(* Let $G=(V,E)$ be a directed graph with $n$ vertices, $m$ edges and oriented incidence matrix $D\in\mathbb{R}^{m\times n}$, and let $\bm{y}\in\mathbb{R}^{n}$ be a signal over its nodes. Let $\Delta$ be either $L=D^{T}D$ (general trend filtering) or the Kronecker matrix $K$ (Kronecker trend filtering, when $G$ is the grid graph of a lattice $\{1,\dots,N\}^k$). For penalisation parameters $\lambda_{NI},\lambda_{F},\lambda_{T}>0$ let $$\hat{\bm{\beta}}^{NITF}=\arg\min_{\bm{\beta}\in\mathbb{R}^{n}}\tfrac12\|\bm{y}-\bm{\beta}\|_2^2+\lambda_{NI}\|D\bm{\beta}\|_{+}+\lambda_{T}\|\Delta\bm{\beta}\|_1,$$ $$\hat{\bm{\beta}}^{FLTF}=\arg\min_{\bm{\beta}\in\mathbb{R}^{n}}\tfrac12\|\bm{y}-\bm{\beta}\|_2^2+\lambda_{F}\|D\bm{\beta}\|_1+\lambda_{T}\|\Delta\bm{\beta}\|_1.$$ Then for any such parameters $$\sum_{i=1}^{n}y_i=\sum_{i=1}^{n}\hat{\beta}^{NITF}_i=\sum_{i=1}^{n}\hat{\beta}^{FLTF}_i.$$
   Context: The oriented incidence matrix $D\in\mathbb{R}^{m\times n}$ has $D_{i,j}=1$ if vertex $j$ is the source of edge $i$, $D_{i,j}=-1$ if vertex $j$ is the target of edge $i$, and $0$ otherwise. For $\bm{x}\in\mathbb{R}^m$, $\|\bm{x}\|_{+}=\sum_i\max(x_i,0)$. For the lattice $\{1,\dots,N\}^{k}$ (with edges between lattice neighbours differing by $1$ in one coordinate, oriented in the increasing direction), $D^{t}\in\mathbb{R}^{(N-2)\times N}$ is the second-difference matrix whose $i$-th row has entries $1,-2,1$ in columns $i,i+1,i+2$ and zeros elsewhere, and $K$ is the vertical stack of the $k$ blocks $I_N\otimes\cdots\otimes D^{t}\otimes\cdots\otimes I_N$ ($D^{t}$ in the $j$-th position, $j=1,\dots,k$), $\otimes$ the Kronecker product. *)

theory Defs
  imports Complex_Main
begin

text \<open>A directed graph is given by a finite vertex set V and an edge set
E of ordered pairs (source, target), without self-loops. Signals on the
nodes are functions 'v => real (only values on V matter).\<close>

definition digraph :: "'v set \<Rightarrow> ('v \<times> 'v) set \<Rightarrow> bool" where
  "digraph V E \<longleftrightarrow> finite V \<and> E \<subseteq> V \<times> V \<and> (\<forall>(u,w)\<in>E. u \<noteq> w)"

definition inc :: "('v \<times> 'v) \<Rightarrow> 'v \<Rightarrow> real" where
  "inc e v = (if v = fst e then 1 else if v = snd e then -1 else 0)"

definition Dmul :: "'v set \<Rightarrow> ('v \<times> 'v) \<Rightarrow> ('v \<Rightarrow> real) \<Rightarrow> real" where
  "Dmul V e \<beta> = (\<Sum>v\<in>V. inc e v * \<beta> v)"

definition Lmul :: "'v set \<Rightarrow> ('v \<times> 'v) set \<Rightarrow> ('v \<Rightarrow> real) \<Rightarrow> 'v \<Rightarrow> real" where
  "Lmul V E \<beta> v = (\<Sum>e\<in>E. inc e v * Dmul V e \<beta>)"

definition norm_plus_D :: "'v set \<Rightarrow> ('v \<times> 'v) set \<Rightarrow> ('v \<Rightarrow> real) \<Rightarrow> real" where
  "norm_plus_D V E \<beta> = (\<Sum>e\<in>E. max (Dmul V e \<beta>) 0)"

definition norm1_D :: "'v set \<Rightarrow> ('v \<times> 'v) set \<Rightarrow> ('v \<Rightarrow> real) \<Rightarrow> real" where
  "norm1_D V E \<beta> = (\<Sum>e\<in>E. \<bar>Dmul V e \<beta>\<bar>)"

definition norm1_L :: "'v set \<Rightarrow> ('v \<times> 'v) set \<Rightarrow> ('v \<Rightarrow> real) \<Rightarrow> real" where
  "norm1_L V E \<beta> = (\<Sum>v\<in>V. \<bar>Lmul V E \<beta> v\<bar>)"

definition lattice :: "nat \<Rightarrow> nat \<Rightarrow> nat list set" where
  "lattice N k = {x. length x = k \<and> set x \<subseteq> {1..N}}"

definition lattice_edge :: "nat \<Rightarrow> nat \<Rightarrow> nat list \<Rightarrow> nat list \<Rightarrow> bool" where
  "lattice_edge N k x z \<longleftrightarrow> x \<in> lattice N k \<and> z \<in> lattice N k \<and>
     (\<exists>j<k. z = x[j := x ! j + 1])"

text \<open>||K b||_1 for the Kronecker matrix K (stack over j of
I \<otimes> ... \<otimes> D^t \<otimes> ... \<otimes> I). The rows of the j-th block are indexed by
lattice points x with x_j in {1..N-2}, the row being
b(x) - 2 b(x + e_j) + b(x + 2 e_j).\<close>
definition norm1_K :: "nat \<Rightarrow> nat \<Rightarrow> (nat list \<Rightarrow> real) \<Rightarrow> real" where
  "norm1_K N k b = (\<Sum>j<k. \<Sum>x\<in>{x\<in>lattice N k. x ! j + 2 \<le> N}.
      \<bar>b x - 2 * b (x[j := x ! j + 1]) + b (x[j := x ! j + 2])\<bar>)"

definition sqloss :: "'v set \<Rightarrow> ('v \<Rightarrow> real) \<Rightarrow> ('v \<Rightarrow> real) \<Rightarrow> real" where
  "sqloss V y \<beta> = (1/2) * (\<Sum>v\<in>V. (y v - \<beta> v)^2)"

definition is_minimiser :: "'v set \<Rightarrow> (('v \<Rightarrow> real) \<Rightarrow> real) \<Rightarrow> ('v \<Rightarrow> real) \<Rightarrow> bool" where
  "is_minimiser V f b \<longleftrightarrow> (\<forall>\<beta>. f b \<le> f \<beta>)"

end

theory Submission
  imports Defs
begin

text \<open>Every row of D, of L = D^T D and of K sums to zero, so all penalties are invariant
under adding a constant c to the signal. Shifting a minimiser \<beta> by c changes the objective
by -c S + c^2 n / 2 with S = \<Sum>(y - \<beta>); minimality tested at c = S / n forces S = 0.\<close>

definition shift_invariant :: "(('v \<Rightarrow> real) \<Rightarrow> real) \<Rightarrow> bool" where
  "shift_invariant P \<longleftrightarrow> (\<forall>\<beta> c. P (\<lambda>v. \<beta> v + c) = P \<beta>)"

lemma shift_invariantI: "(\<And>\<beta> c. P (\<lambda>v. \<beta> v + c) = P \<beta>) \<Longrightarrow> shift_invariant P"
  by (simp add: shift_invariant_def)

lemma shift_invariantD: "shift_invariant P \<Longrightarrow> P (\<lambda>v. \<beta> v + c) = P \<beta>"
  by (simp add: shift_invariant_def)

lemma shift_invariant_add:
  "shift_invariant P \<Longrightarrow> shift_invariant Q \<Longrightarrow> shift_invariant (\<lambda>\<beta>. P \<beta> + Q \<beta>)"
  by (simp add: shift_invariant_def)

lemma shift_invariant_scale: "shift_invariant P \<Longrightarrow> shift_invariant (\<lambda>\<beta>. a * P \<beta>)"
  by (simp add: shift_invariant_def)

lemma shift_invariant_comp:
  "shift_invariant P \<Longrightarrow> shift_invariant (\<lambda>\<beta>. P (\<beta> \<circ> g))"
  by (simp add: shift_invariant_def o_def)

lemma sum_inc_eq_0:
  assumes "digraph V E" and "e \<in> E"
  shows "(\<Sum>v\<in>V. inc e v) = 0"
proof -
  obtain u w where e: "e = (u, w)" by force
  have uw: "u \<in> V" "w \<in> V" "u \<noteq> w" and "finite V"
    using assms e unfolding digraph_def by auto
  have "(\<Sum>v\<in>V. inc e v) = (\<Sum>v\<in>V. (if v = u then 1 else 0) - (if v = w then 1 else 0))"
    by (rule sum.cong) (auto simp: inc_def e uw)
  also have "\<dots> = 0"
    using \<open>finite V\<close> uw by (simp add: sum_subtractf)
  finally show ?thesis .
qed

lemma Dmul_add_const:
  assumes "digraph V E" and "e \<in> E"
  shows "Dmul V e (\<lambda>v. \<beta> v + c) = Dmul V e \<beta>"
proof -
  have "Dmul V e (\<lambda>v. \<beta> v + c) = Dmul V e \<beta> + c * (\<Sum>v\<in>V. inc e v)"
    unfolding Dmul_def by (simp add: algebra_simps sum.distrib sum_distrib_left)
  with sum_inc_eq_0[OF assms] show ?thesis by simp
qed

lemma shift_invariant_norm_plus_D: "digraph V E \<Longrightarrow> shift_invariant (norm_plus_D V E)"
  unfolding norm_plus_D_def by (intro shift_invariantI sum.cong) (simp_all add: Dmul_add_const)

lemma shift_invariant_norm1_D: "digraph V E \<Longrightarrow> shift_invariant (norm1_D V E)"
  unfolding norm1_D_def by (intro shift_invariantI sum.cong) (simp_all add: Dmul_add_const)

lemma shift_invariant_norm1_L: "digraph V E \<Longrightarrow> shift_invariant (norm1_L V E)"
  unfolding norm1_L_def Lmul_def
  by (intro shift_invariantI sum.cong refl arg_cong[where f = abs]) (simp add: Dmul_add_const)

lemma shift_invariant_norm1_K: "shift_invariant (norm1_K N k)"
  unfolding norm1_K_def by (rule shift_invariantI) (simp add: algebra_simps)

lemma sqloss_add_const:
  "sqloss V y (\<lambda>v. \<beta> v + c) =
     sqloss V y \<beta> - c * (\<Sum>v\<in>V. y v - \<beta> v) + c\<^sup>2 * real (card V) / 2"
proof -
  have "(\<Sum>v\<in>V. (y v - (\<beta> v + c))\<^sup>2) = (\<Sum>v\<in>V. (y v - \<beta> v)\<^sup>2 - 2 * c * (y v - \<beta> v) + c\<^sup>2)"
    by (rule sum.cong) (auto simp: power2_eq_square algebra_simps)
  also have "\<dots> = (\<Sum>v\<in>V. (y v - \<beta> v)\<^sup>2) - 2 * c * (\<Sum>v\<in>V. y v - \<beta> v) + c\<^sup>2 * real (card V)"
    by (simp add: sum.distrib sum_subtractf sum_distrib_left[symmetric])
  finally show ?thesis
    unfolding sqloss_def by (simp add: algebra_simps)
qed

lemma sum_minimiser_eq:
  assumes "finite V" and "shift_invariant P"
    and "is_minimiser V (\<lambda>\<beta>. sqloss V y \<beta> + P \<beta>) b"
  shows "(\<Sum>v\<in>V. y v) = (\<Sum>v\<in>V. b v)"
proof (cases "V = {}")
  case False
  define S where "S = (\<Sum>v\<in>V. y v - b v)"
  define n where "n = real (card V)"
  have "n > 0"
    using False \<open>finite V\<close> by (simp add: n_def card_gt_0_iff)
  have "sqloss V y b + P b \<le> sqloss V y (\<lambda>v. b v + S / n) + P (\<lambda>v. b v + S / n)"
    using assms(3) unfolding is_minimiser_def by blast
  then have "0 \<le> - (S / n) * S + (S / n)\<^sup>2 * n / 2"
    using sqloss_add_const[of V y b "S / n"] shift_invariantD[OF assms(2)]
    by (simp add: S_def n_def)
  also have "\<dots> = - S\<^sup>2 / (2 * n)"
    using \<open>n > 0\<close> by (simp add: field_simps power2_eq_square)
  finally have "S\<^sup>2 \<le> 0"
    using \<open>n > 0\<close> by (simp add: divide_le_0_iff)
  then have "S = 0" by simp
  then show ?thesis by (simp add: S_def sum_subtractf)
qed simp

theorem theorem2p4:
  fixes V :: "'v set" and E :: "('v \<times> 'v) set" and y :: "'v \<Rightarrow> real"
    and T :: "('v \<Rightarrow> real) \<Rightarrow> real"
    and lamNI lamF lamT :: real and bNI bFL :: "'v \<Rightarrow> real"
  assumes G: "digraph V E"
    and Delta: "T = norm1_L V E \<or>
      (\<exists>N k \<phi>. bij_betw \<phi> V (lattice N k) \<and>
         E = {(u, w). u \<in> V \<and> w \<in> V \<and> lattice_edge N k (\<phi> u) (\<phi> w)} \<and>
         T = (\<lambda>\<beta>. norm1_K N k (\<beta> \<circ> inv_into V \<phi>)))"
    and pos: "lamNI > 0" "lamF > 0" "lamT > 0"
    and NI: "is_minimiser V (\<lambda>\<beta>. sqloss V y \<beta> + lamNI * norm_plus_D V E \<beta> + lamT * T \<beta>) bNI"
    and FL: "is_minimiser V (\<lambda>\<beta>. sqloss V y \<beta> + lamF * norm1_D V E \<beta> + lamT * T \<beta>) bFL"
  shows "(\<Sum>v\<in>V. y v) = (\<Sum>v\<in>V. bNI v) \<and> (\<Sum>v\<in>V. bNI v) = (\<Sum>v\<in>V. bFL v)"
proof -
  have "finite V"
    using G by (simp add: digraph_def)
  have T: "shift_invariant T"
    using Delta shift_invariant_norm1_L[OF G] shift_invariant_comp[OF shift_invariant_norm1_K]
    by auto
  have "(\<Sum>v\<in>V. y v) = (\<Sum>v\<in>V. bNI v)"
    using \<open>finite V\<close> _ NI[unfolded add.assoc]
    by (rule sum_minimiser_eq)
      (intro shift_invariant_add shift_invariant_scale shift_invariant_norm_plus_D G T)
  moreover have "(\<Sum>v\<in>V. y v) = (\<Sum>v\<in>V. bFL v)"
    using \<open>finite V\<close> _ FL[unfolded add.assoc]
    by (rule sum_minimiser_eq)
      (intro shift_invariant_add shift_invariant_scale shift_invariant_norm1_D G T)
  ultimately show ?thesis by simp
qed

end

* * *

Using the records above, count every line that includes the word "lamNI", and state the number only.

• Your solution: 3